L’art.1 apporta modifiche  T.U. del   decreto legislativo 25 luglio 1998, n. 286,nel senso che:

a)  in primo luogo  all’articolo 22,dello stesso,  dopo il comma 5, sono inseriti i seguenti:

-5-bis. Il nulla osta al lavoro è rifiutato se il datore di lavoro risulti condannato negli ultimi cinque anni, anche con sentenza non definitiva, compresa quella adottata a seguito di applicazione della pena su richiesta ai sensi dell’articolo 444 del codice di procedura penale, per:

a) favoreggiamento dell’immigrazione clandestina verso l’Italia e dell’emigrazione clandestina dall’Italia verso altri Stati o per reati diretti al reclutamento di persone da destinare alla prostituzione o allo sfruttamento della prostituzione o di minori da impiegare in attività illecite;

b) intermediazione illecita e sfruttamento del lavoro ai sensi dell’articolo 603-bis del codice penale;

c) reato previsto dal comma 12,ossia: 1) promuovere , dirigere , organizzare , finanziare o effettuare il trasporto di stranieri nel territorio dello Stato ovvero compiere altri atti diretti a procurarne illegalmente l’ingresso nel territorio dello Stato, ovvero di altro Stato del quale la persona non è cittadina o non ha titolo di residenza permanente;2 ) compiere altri atti diretti a procurarne illegalmente l’ingresso nel territorio dello Stato, ovvero di altro Stato del quale la persona non è cittadina o non ha titolo di residenza permanente

5-ter. Il nulla osta al lavoro è, altresì, rifiutato ovvero, nel caso sia stato rilasciato, è revocato se i documenti presentati sono stati ottenuti mediante frode o sono stati falsificati o contraffatti ovvero qualora lo straniero non si rechi presso lo sportello unico per l’immigrazione per la firma del contratto di soggiorno entro il termine di cui al comma 6, salvo che il ritardo sia dipeso da cause di forza maggiore. La revoca del nulla osta è comunicata al Ministero degli affari esteri tramite i collegamenti telematici.”;

b)  in secondo luogo  all’articolo 22, dopo il comma 12, (che stabilisce che il  datore di lavoro che occupa alle proprie dipendenze lavoratori stranieri privi del permesso di soggiorno previsto dal presente articolo, ovvero il cui permesso sia scaduto e del quale non sia stato chiesto, nei termini di legge, il rinnovo, revocato o annullato, è punito con la reclusione da sei mesi a tre anni e con la multa di 5000 euro per ogni lavoratore impiegato) sono inseriti i seguenti:

“12-bis. Le pene per il fatto previsto dal comma 12 sono aumentate da un terzo alla metà:

a) se i lavoratori occupati sono in numero superiore a tre;

b) se i lavoratori occupati sono minori in età non lavorativa;

c) se i lavoratori occupati sono sottoposti alle altre condizioni lavorative di particolare sfruttamento di cui al terzo comma dell’articolo 603-bis del codice penale.

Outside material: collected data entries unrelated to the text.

definition typeI :: "'a set set \<Rightarrow> 'a set set \<Rightarrow> 'a set \<Rightarrow> 'a set \<Rightarrow> 'a \<Rightarrow> 'a \<Rightarrow> bool" where
  "typeI C1 C2 a b x y \<longleftrightarrow> typeI_ord C1 C2 a b x y \<or> typeI_ord C2 C1 a b x y"

end

theory Submission
  imports Defs "HOL-Library.Dual_Ordered_Lattice"
begin

text \<open>
  Everything rests on one sorting argument. If \<open>S\<close> meets every chain of \<open>C1\<close> in an up-set,
  then the 0/1-labeling of \<open>S\<close> is already \<open>C1\<close>-sorted, and \<open>C2\<close>-sorting it labels with 1
  exactly the \<open>card (S \<inter> d)\<close> largest elements of every chain \<open>d\<close> of \<open>C2\<close>; by
  compatibility this set is again an up-set along every chain of \<open>C1\<close>.

  Let \<open>A2 \<in> C2\<close> contain \<open>a - {x}\<close> and \<open>B1 \<in> C1\<close> contain \<open>b - {x}\<close>. Every edge of the top
  chain \<open>y \<lessdot> z 1 \<lessdot> \<dots> \<lessdot> z l\<close> lies in \<open>A2\<close> or in \<open>B1\<close>, and a suitable \<open>S\<close> shows that
  it then lies in both. So \<open>A2\<close> contains \<open>y, z 1, \<dots>, z l\<close>, and for another \<open>S\<close> the
  sorting argument turns this into the count \<open>l < card a - 2\<close>. The bottom chain is the top
  chain of the dual order, and \<open>b\<close> is handled by exchanging \<open>a, C1\<close> with \<open>b, C2\<close>.
\<close>

lemma finite_total_has_greatest:
  fixes A :: "'a::order set"
  assumes "finite A" "A \<noteq> {}" "\<And>u v. u \<in> A \<Longrightarrow> v \<in> A \<Longrightarrow> u \<le> v \<or> v \<le> u"
  shows "\<exists>m\<in>A. \<forall>u\<in>A. u \<le> m"
  using finite_has_maximal[OF assms(1,2)] assms(3) by metis
(* Let $(X,d)$ be a metric space, $x_0\in X$, $n\geq 1$, and let $e$ be the identity of $\pi_n(X,x_0)$. For all $a,b\in\pi_n(X,x_0)$, $\rho(ab,e)\leq\max\{\rho(a,e),\rho(b,e)\}$.
   Context: $\Omega^n(X,x_0)$ is the set of continuous maps $\alpha:[0,1]^n\to X$ with $\alpha(\partial[0,1]^n)=\{x_0\}$, with uniform metric $\mu(\alpha,\beta)=\sup_{t\in[0,1]^n}d(\alpha(t),\beta(t))$. For $a,b\in\pi_n(X,x_0)$, $\rho(a,b)=\inf\{\mu(\alpha,\beta)\mid\alpha\in a,\beta\in b\}$. *)

theory Defs
  imports "HOL-Analysis.Analysis"
begin

text \<open>The unit n-cube [0,1]^n, with points represented as functions nat \<Rightarrow> real
  whose coordinates i < n lie in [0,1] and whose coordinates i \<ge> n are 0.
  The topology is the (product) topology on nat \<Rightarrow> real, which restricted to the
  cube is the usual topology of [0,1]^n.\<close>

definition cube :: "nat \<Rightarrow> (nat \<Rightarrow> real) set" where
  "cube n = {t. (\<forall>i<n. 0 \<le> t i \<and> t i \<le> 1) \<and> (\<forall>i\<ge>n. t i = 0)}"

definition cube_boundary :: "nat \<Rightarrow> (nat \<Rightarrow> real) set" where
  "cube_boundary n = {t \<in> cube n. \<exists>i<n. t i = 0 \<or> t i = 1}"

definition Omega :: "nat \<Rightarrow> 'a::metric_space set \<Rightarrow> 'a \<Rightarrow> ((nat \<Rightarrow> real) \<Rightarrow> 'a) set" where
  "Omega n X x0 = {\<alpha>. continuous_on (cube n) \<alpha> \<and> \<alpha> ` cube n \<subseteq> X
                       \<and> (\<forall>t\<in>cube_boundary n. \<alpha> t = x0)}"

definition htpy_rel :: "nat \<Rightarrow> 'a::metric_space set \<Rightarrow> 'a
    \<Rightarrow> (((nat \<Rightarrow> real) \<Rightarrow> 'a) \<times> ((nat \<Rightarrow> real) \<Rightarrow> 'a)) set" where
  "htpy_rel n X x0 = {(\<alpha>, \<beta>). \<alpha> \<in> Omega n X x0 \<and> \<beta> \<in> Omega n X x0 \<and>
      homotopic_with_canon (\<lambda>h. \<forall>t\<in>cube_boundary n. h t = x0) (cube n) X \<alpha> \<beta>}"

definition pi_n :: "nat \<Rightarrow> 'a::metric_space set \<Rightarrow> 'a \<Rightarrow> ((nat \<Rightarrow> real) \<Rightarrow> 'a) set set" where
  "pi_n n X x0 = Omega n X x0 // htpy_rel n X x0"

definition concat_cube :: "((nat \<Rightarrow> real) \<Rightarrow> 'a) \<Rightarrow> ((nat \<Rightarrow> real) \<Rightarrow> 'a) \<Rightarrow> (nat \<Rightarrow> real) \<Rightarrow> 'a" where
  "concat_cube \<alpha> \<beta> t = (if t 0 \<le> 1/2 then \<alpha> (t(0 := 2 * t 0)) else \<beta> (t(0 := 2 * t 0 - 1)))"

definition pi_mult :: "nat \<Rightarrow> 'a::metric_space set \<Rightarrow> 'a
    \<Rightarrow> ((nat \<Rightarrow> real) \<Rightarrow> 'a) set \<Rightarrow> ((nat \<Rightarrow> real) \<Rightarrow> 'a) set \<Rightarrow> ((nat \<Rightarrow> real) \<Rightarrow> 'a) set" where
  "pi_mult n X x0 a b = htpy_rel n X x0 `` {concat_cube (SOME \<alpha>. \<alpha> \<in> a) (SOME \<beta>. \<beta> \<in> b)}"

definition pi_one :: "nat \<Rightarrow> 'a::metric_space set \<Rightarrow> 'a \<Rightarrow> ((nat \<Rightarrow> real) \<Rightarrow> 'a) set" where
  "pi_one n X x0 = htpy_rel n X x0 `` {\<lambda>t. x0}"

definition mu :: "nat \<Rightarrow> ((nat \<Rightarrow> real) \<Rightarrow> 'a::metric_space) \<Rightarrow> ((nat \<Rightarrow> real) \<Rightarrow> 'a) \<Rightarrow> real" where
  "mu n \<alpha> \<beta> = (SUP t\<in>cube n. dist (\<alpha> t) (\<beta> t))"

definition rho :: "nat \<Rightarrow> ((nat \<Rightarrow> real) \<Rightarrow> 'a::metric_space) set \<Rightarrow> ((nat \<Rightarrow> real) \<Rightarrow> 'a) set \<Rightarrow> real" where
  "rho n a b = Inf {mu n \<alpha> \<beta> | \<alpha> \<beta>. \<alpha> \<in> a \<and> \<beta> \<in> b}"

end

theory Submission
  imports Defs
begin

text \<open>Concatenation in the first coordinate respects homotopy relative to the boundary. Hence if
  \<alpha> \<in> a, \<beta> \<in> b and \<gamma>, \<delta> represent the identity e, then the concatenation of \<alpha> and \<beta>
  represents ab, and that of \<gamma> and \<delta> represents e again. At every point of the cube the two
  concatenations are \<alpha>, \<gamma> or \<beta>, \<delta> evaluated at one rescaled point, so their uniform distance
  is at most max(\<mu>(\<alpha>,\<gamma>), \<mu>(\<beta>,\<delta>)). Choosing both pairs within \<epsilon> of the infima
  \<rho>(a,e) and \<rho>(b,e) proves the inequality.\<close>

lemma cube_eq_PiE: "cube n = PiE UNIV (\<lambda>i. if i < n then {0..1} else {0})"
  unfolding cube_def PiE_iff by (auto split: if_splits)

lemma compact_cube: "compact (cube n)"
proof -
  have "compactin (product_topology (\<lambda>i. euclidean) UNIV) (cube n)"
    unfolding cube_eq_PiE by (subst compactin_PiE) auto
  then show ?thesis
    by (simp add: euclidean_product_topology)
qed

lemma zero_in_cube: "(\<lambda>_. 0) \<in> cube n"
  by (simp add: cube_def)

lemma left_half_in_cube: "t \<in> cube n \<Longrightarrow> 0 < n \<Longrightarrow> t 0 \<le> 1/2 \<Longrightarrow> t(0 := 2 * t 0) \<in> cube n"
  by (auto simp: cube_def)

lemma right_half_in_cube: "t \<in> cube n \<Longrightarrow> 0 < n \<Longrightarrow> 1/2 \<le> t 0 \<Longrightarrow> t(0 := 2 * t 0 - 1) \<in> cube n"
  by (auto simp: cube_def)

lemma left_half_in_cube_boundary:
  assumes "t \<in> cube n" "0 < n" "t 0 \<le> 1/2" "t \<in> cube_boundary n \<or> t 0 = 1/2"
  shows "t(0 := 2 * t 0) \<in> cube_boundary n"
proof -
  have "\<exists>i<n. (t(0 := 2 * t 0)) i = 0 \<or> (t(0 := 2 * t 0)) i = 1"
  proof (cases "t 0 = 1/2")
    case False
    then obtain i where "i < n" "t i = 0 \<or> t i = 1"
      using assms(4) by (auto simp: cube_boundary_def)
    then have "(t(0 := 2 * t 0)) i = 0 \<or> (t(0 := 2 * t 0)) i = 1"
      using assms(3) by (cases "i = 0") auto
    with \<open>i < n\<close> show ?thesis
      by blast
  qed (use assms(2) in auto)
  then show ?thesis
    using left_half_in_cube[OF assms(1-3)] by (simp add: cube_boundary_def)
qed

lemma right_half_in_cube_boundary:
  assumes "t \<in> cube n" "0 < n" "1/2 \<le> t 0" "t \<in> cube_boundary n \<or> t 0 = 1/2"
  shows "t(0 := 2 * t 0 - 1) \<in> cube_boundary n"
proof -
  have "\<exists>i<n. (t(0 := 2 * t 0 - 1)) i = 0 \<or> (t(0 := 2 * t 0 - 1)) i = 1"
  proof (cases "t 0 = 1/2")
    case False
    then obtain i where "i < n" "t i = 0 \<or> t i = 1"
      using assms(4) by (auto simp: cube_boundary_def)
    then have "(t(0 := 2 * t 0 - 1)) i = 0 \<or> (t(0 := 2 * t 0 - 1)) i = 1"
      using assms(3) by (cases "i = 0") auto
    with \<open>i < n\<close> show ?thesis
      by blast
  qed (use assms(2) in auto)
  then show ?thesis
    using right_half_in_cube[OF assms(1-3)] by (simp add: cube_boundary_def)
qed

12-ter. Con la sentenza di condanna il giudice applica la sanzione amministrativa accessoria del pagamento del costo medio di rimpatrio del lavoratore straniero assunto illegalmente.

12-quater. Nelle ipotesi di particolare sfruttamento lavorativo di cui al comma 12-bis, è rilasciato dal questore, su proposta o con il parere favorevole del procuratore della Repubblica, allo straniero che abbia presentato denuncia e cooperi nel procedimento penale instaurato nei confronti del datore di lavoro, un permesso di soggiorno ai sensi dell’articolo 5, comma 6.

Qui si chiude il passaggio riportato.